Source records
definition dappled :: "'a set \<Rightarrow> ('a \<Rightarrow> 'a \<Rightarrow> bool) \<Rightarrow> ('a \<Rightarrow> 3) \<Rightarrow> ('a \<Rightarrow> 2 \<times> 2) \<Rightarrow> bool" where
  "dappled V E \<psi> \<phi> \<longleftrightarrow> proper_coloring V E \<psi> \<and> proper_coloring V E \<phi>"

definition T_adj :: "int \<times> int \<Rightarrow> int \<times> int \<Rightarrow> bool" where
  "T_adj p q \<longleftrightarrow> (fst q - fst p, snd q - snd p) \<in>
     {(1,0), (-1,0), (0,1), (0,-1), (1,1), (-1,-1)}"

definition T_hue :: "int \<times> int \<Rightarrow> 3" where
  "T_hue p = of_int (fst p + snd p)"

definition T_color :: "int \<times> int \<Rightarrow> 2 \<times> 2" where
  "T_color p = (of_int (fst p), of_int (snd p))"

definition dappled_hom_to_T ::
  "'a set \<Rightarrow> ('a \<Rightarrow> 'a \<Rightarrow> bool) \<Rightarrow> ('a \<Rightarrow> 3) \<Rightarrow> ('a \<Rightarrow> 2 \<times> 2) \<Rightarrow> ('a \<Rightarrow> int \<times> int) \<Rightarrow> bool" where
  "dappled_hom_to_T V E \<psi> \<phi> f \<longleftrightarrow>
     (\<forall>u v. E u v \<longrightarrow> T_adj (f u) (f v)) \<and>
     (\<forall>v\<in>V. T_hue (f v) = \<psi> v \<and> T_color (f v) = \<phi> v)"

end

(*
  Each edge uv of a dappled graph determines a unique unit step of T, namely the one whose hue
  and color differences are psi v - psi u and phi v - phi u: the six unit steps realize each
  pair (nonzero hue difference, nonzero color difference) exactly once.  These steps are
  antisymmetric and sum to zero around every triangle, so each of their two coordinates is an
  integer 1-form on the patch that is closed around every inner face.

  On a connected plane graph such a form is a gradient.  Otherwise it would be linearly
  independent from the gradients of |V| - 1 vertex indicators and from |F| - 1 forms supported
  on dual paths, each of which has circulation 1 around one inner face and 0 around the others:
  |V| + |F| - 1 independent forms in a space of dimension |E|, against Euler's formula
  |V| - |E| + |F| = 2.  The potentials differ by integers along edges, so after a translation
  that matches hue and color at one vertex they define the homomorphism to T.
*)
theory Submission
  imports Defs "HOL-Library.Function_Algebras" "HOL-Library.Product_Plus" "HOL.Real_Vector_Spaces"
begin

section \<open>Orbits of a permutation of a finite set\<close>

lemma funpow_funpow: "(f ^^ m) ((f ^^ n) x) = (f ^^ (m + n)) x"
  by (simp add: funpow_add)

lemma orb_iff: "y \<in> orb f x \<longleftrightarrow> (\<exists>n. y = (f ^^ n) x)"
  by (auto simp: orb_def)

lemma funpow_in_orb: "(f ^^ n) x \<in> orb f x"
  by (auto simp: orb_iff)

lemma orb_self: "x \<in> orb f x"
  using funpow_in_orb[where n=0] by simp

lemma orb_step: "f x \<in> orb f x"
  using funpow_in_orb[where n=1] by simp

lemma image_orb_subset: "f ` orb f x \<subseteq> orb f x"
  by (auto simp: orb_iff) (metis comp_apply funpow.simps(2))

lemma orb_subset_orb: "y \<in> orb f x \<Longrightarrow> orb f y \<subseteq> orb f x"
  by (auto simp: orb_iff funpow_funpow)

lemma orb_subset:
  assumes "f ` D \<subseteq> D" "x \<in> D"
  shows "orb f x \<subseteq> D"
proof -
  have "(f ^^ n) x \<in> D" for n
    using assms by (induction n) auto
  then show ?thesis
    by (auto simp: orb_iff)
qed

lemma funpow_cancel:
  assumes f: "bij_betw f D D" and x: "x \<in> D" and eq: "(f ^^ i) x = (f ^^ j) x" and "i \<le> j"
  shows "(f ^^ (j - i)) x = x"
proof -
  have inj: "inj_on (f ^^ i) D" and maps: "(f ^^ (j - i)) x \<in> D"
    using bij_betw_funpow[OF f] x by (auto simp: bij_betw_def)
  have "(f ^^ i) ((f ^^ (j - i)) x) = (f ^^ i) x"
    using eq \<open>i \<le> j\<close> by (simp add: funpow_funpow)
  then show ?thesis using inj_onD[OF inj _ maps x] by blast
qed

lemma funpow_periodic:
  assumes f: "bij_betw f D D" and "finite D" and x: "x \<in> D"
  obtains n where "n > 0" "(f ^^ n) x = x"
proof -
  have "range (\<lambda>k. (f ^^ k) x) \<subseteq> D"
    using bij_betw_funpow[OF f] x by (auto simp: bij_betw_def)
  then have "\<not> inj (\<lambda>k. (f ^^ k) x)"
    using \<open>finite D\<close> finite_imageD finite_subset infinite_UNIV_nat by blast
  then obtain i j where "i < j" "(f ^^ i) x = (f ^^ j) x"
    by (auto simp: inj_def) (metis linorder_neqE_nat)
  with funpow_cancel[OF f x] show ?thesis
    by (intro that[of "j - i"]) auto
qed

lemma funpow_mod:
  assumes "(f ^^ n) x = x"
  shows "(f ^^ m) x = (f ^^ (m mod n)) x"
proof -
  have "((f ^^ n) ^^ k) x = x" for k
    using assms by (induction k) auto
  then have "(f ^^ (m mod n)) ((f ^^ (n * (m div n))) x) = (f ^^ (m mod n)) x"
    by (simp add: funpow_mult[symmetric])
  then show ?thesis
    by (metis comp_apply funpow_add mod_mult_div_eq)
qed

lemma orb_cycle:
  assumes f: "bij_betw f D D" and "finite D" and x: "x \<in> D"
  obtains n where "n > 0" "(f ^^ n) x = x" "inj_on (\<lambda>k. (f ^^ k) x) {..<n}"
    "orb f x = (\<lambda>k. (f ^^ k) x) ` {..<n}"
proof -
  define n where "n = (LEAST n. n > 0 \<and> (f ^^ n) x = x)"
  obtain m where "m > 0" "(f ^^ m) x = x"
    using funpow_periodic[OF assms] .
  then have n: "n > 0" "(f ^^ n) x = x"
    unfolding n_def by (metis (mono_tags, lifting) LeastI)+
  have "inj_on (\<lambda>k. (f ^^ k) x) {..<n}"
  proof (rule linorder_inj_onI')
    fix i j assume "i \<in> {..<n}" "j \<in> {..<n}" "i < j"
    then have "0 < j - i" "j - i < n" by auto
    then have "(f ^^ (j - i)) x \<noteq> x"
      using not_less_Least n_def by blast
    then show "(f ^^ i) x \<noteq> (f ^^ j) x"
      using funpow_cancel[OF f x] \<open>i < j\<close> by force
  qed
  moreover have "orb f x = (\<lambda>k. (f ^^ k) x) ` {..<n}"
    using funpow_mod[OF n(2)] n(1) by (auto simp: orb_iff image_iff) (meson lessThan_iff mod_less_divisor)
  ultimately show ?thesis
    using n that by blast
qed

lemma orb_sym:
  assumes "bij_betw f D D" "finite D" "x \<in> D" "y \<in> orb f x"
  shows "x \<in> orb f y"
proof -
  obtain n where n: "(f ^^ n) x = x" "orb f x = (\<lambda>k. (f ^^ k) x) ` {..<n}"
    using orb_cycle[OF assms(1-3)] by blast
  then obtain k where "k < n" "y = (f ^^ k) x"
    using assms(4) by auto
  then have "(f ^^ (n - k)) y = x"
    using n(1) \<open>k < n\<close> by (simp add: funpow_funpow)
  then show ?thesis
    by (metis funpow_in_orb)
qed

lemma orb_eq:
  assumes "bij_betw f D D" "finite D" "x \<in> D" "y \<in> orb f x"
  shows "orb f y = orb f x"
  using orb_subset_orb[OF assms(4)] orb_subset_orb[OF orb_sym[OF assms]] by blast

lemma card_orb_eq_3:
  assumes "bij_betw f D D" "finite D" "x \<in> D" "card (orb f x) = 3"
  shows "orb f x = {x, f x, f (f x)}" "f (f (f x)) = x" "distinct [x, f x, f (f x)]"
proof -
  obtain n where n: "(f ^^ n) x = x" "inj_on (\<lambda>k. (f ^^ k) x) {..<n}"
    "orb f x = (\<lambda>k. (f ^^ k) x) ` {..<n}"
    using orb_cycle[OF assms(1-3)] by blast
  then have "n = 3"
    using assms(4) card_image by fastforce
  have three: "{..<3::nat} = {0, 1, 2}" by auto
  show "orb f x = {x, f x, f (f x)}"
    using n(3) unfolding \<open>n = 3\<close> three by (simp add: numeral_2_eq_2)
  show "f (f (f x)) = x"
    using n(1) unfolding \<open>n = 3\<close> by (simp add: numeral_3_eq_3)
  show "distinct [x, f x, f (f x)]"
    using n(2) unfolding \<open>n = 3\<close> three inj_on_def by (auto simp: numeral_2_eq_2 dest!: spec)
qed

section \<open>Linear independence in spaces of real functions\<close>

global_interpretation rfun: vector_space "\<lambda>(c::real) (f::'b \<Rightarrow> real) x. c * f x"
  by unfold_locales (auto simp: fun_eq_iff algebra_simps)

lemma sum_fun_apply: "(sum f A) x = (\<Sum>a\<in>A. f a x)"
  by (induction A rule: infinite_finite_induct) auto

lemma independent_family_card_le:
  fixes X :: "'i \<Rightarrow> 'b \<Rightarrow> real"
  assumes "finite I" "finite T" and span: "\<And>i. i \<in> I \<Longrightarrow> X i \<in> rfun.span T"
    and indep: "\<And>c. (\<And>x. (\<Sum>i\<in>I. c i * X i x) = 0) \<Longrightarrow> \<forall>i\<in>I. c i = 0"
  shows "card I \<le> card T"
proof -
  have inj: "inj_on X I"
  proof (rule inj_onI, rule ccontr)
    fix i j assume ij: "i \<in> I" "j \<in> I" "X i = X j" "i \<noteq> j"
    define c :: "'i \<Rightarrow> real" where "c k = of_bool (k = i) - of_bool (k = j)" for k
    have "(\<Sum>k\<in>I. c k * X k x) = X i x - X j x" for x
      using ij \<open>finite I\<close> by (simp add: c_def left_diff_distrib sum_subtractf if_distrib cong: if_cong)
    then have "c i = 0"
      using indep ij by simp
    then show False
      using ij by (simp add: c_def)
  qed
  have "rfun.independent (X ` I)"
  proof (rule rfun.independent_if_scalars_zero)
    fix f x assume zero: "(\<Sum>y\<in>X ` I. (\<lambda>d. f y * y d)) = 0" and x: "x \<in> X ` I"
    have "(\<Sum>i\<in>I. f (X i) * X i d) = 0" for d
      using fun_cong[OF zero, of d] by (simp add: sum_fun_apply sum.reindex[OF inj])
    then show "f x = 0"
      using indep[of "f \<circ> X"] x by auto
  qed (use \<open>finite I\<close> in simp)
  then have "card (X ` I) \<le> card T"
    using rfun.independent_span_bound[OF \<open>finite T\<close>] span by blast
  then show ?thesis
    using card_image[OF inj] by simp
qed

==

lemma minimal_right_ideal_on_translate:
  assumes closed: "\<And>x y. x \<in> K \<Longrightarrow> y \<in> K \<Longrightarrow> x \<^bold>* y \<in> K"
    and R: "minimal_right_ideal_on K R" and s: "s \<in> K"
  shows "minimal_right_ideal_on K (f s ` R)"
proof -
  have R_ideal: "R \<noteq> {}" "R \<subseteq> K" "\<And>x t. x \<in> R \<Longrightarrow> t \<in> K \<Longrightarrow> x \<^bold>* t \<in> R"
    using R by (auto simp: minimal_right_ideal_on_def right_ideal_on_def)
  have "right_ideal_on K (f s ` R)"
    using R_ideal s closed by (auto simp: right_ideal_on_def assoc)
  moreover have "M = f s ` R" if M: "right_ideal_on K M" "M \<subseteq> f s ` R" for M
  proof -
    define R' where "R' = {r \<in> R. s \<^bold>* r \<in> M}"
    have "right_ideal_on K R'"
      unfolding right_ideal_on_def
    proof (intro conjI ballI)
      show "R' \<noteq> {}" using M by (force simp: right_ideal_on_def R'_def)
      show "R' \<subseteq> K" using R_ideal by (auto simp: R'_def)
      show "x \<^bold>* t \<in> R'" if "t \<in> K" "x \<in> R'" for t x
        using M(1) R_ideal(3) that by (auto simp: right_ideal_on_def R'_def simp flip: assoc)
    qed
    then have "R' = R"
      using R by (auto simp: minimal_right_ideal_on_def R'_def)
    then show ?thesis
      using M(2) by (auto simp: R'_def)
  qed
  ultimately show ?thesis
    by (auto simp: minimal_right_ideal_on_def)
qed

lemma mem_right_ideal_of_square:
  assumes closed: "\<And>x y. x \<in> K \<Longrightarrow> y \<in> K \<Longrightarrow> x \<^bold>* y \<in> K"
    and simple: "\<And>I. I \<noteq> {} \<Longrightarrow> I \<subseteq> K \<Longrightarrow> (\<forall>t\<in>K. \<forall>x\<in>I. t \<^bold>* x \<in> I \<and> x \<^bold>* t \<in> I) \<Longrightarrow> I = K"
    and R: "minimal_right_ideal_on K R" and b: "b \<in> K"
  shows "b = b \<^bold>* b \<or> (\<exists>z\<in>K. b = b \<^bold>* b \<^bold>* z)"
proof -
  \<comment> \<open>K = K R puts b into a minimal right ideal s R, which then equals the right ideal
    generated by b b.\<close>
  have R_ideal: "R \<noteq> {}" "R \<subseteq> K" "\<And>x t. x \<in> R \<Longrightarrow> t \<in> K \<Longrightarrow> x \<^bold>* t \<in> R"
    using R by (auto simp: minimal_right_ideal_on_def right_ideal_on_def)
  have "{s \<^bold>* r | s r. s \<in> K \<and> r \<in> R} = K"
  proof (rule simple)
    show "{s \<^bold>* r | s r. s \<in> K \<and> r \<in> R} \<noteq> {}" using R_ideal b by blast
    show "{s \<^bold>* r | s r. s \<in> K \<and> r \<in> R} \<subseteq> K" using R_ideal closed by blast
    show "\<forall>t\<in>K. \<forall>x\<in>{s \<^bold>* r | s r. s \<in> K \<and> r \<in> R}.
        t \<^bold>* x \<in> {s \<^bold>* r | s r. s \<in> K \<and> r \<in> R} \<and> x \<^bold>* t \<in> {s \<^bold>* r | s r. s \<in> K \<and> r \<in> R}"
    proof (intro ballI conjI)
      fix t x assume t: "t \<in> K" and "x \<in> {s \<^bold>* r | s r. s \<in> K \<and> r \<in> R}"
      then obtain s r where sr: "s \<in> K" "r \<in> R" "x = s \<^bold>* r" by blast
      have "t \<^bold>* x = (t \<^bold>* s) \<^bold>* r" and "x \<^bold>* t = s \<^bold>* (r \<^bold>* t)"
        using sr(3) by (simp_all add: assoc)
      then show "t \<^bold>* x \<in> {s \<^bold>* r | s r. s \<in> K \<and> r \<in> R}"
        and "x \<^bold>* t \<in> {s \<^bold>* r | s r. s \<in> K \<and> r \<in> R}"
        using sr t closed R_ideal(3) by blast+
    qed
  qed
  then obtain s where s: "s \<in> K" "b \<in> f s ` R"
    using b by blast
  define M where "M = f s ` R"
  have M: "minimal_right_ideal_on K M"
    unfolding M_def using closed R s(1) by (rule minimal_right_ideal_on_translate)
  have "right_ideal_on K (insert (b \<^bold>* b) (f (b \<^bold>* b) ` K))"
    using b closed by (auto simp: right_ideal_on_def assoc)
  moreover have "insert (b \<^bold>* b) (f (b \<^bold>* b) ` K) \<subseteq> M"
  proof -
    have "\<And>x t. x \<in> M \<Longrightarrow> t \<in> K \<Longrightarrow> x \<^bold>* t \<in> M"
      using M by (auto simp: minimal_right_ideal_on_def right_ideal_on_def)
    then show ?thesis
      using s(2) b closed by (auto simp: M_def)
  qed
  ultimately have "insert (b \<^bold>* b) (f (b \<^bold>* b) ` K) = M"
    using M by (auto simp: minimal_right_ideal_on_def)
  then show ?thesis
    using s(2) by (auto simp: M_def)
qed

→ THE PROBLEM: Look through the entries for lines containing the word "metis" and return each one.

→ RESULT OF THIS EXERCISE:
  by (auto simp: orb_iff) (metis comp_apply funpow.simps(2))
    by (auto simp: inj_def) (metis linorder_neqE_nat)
    by (metis comp_apply funpow_add mod_mult_div_eq)
    unfolding n_def by (metis (mono_tags, lifting) LeastI)+
    by (metis funpow_in_orb)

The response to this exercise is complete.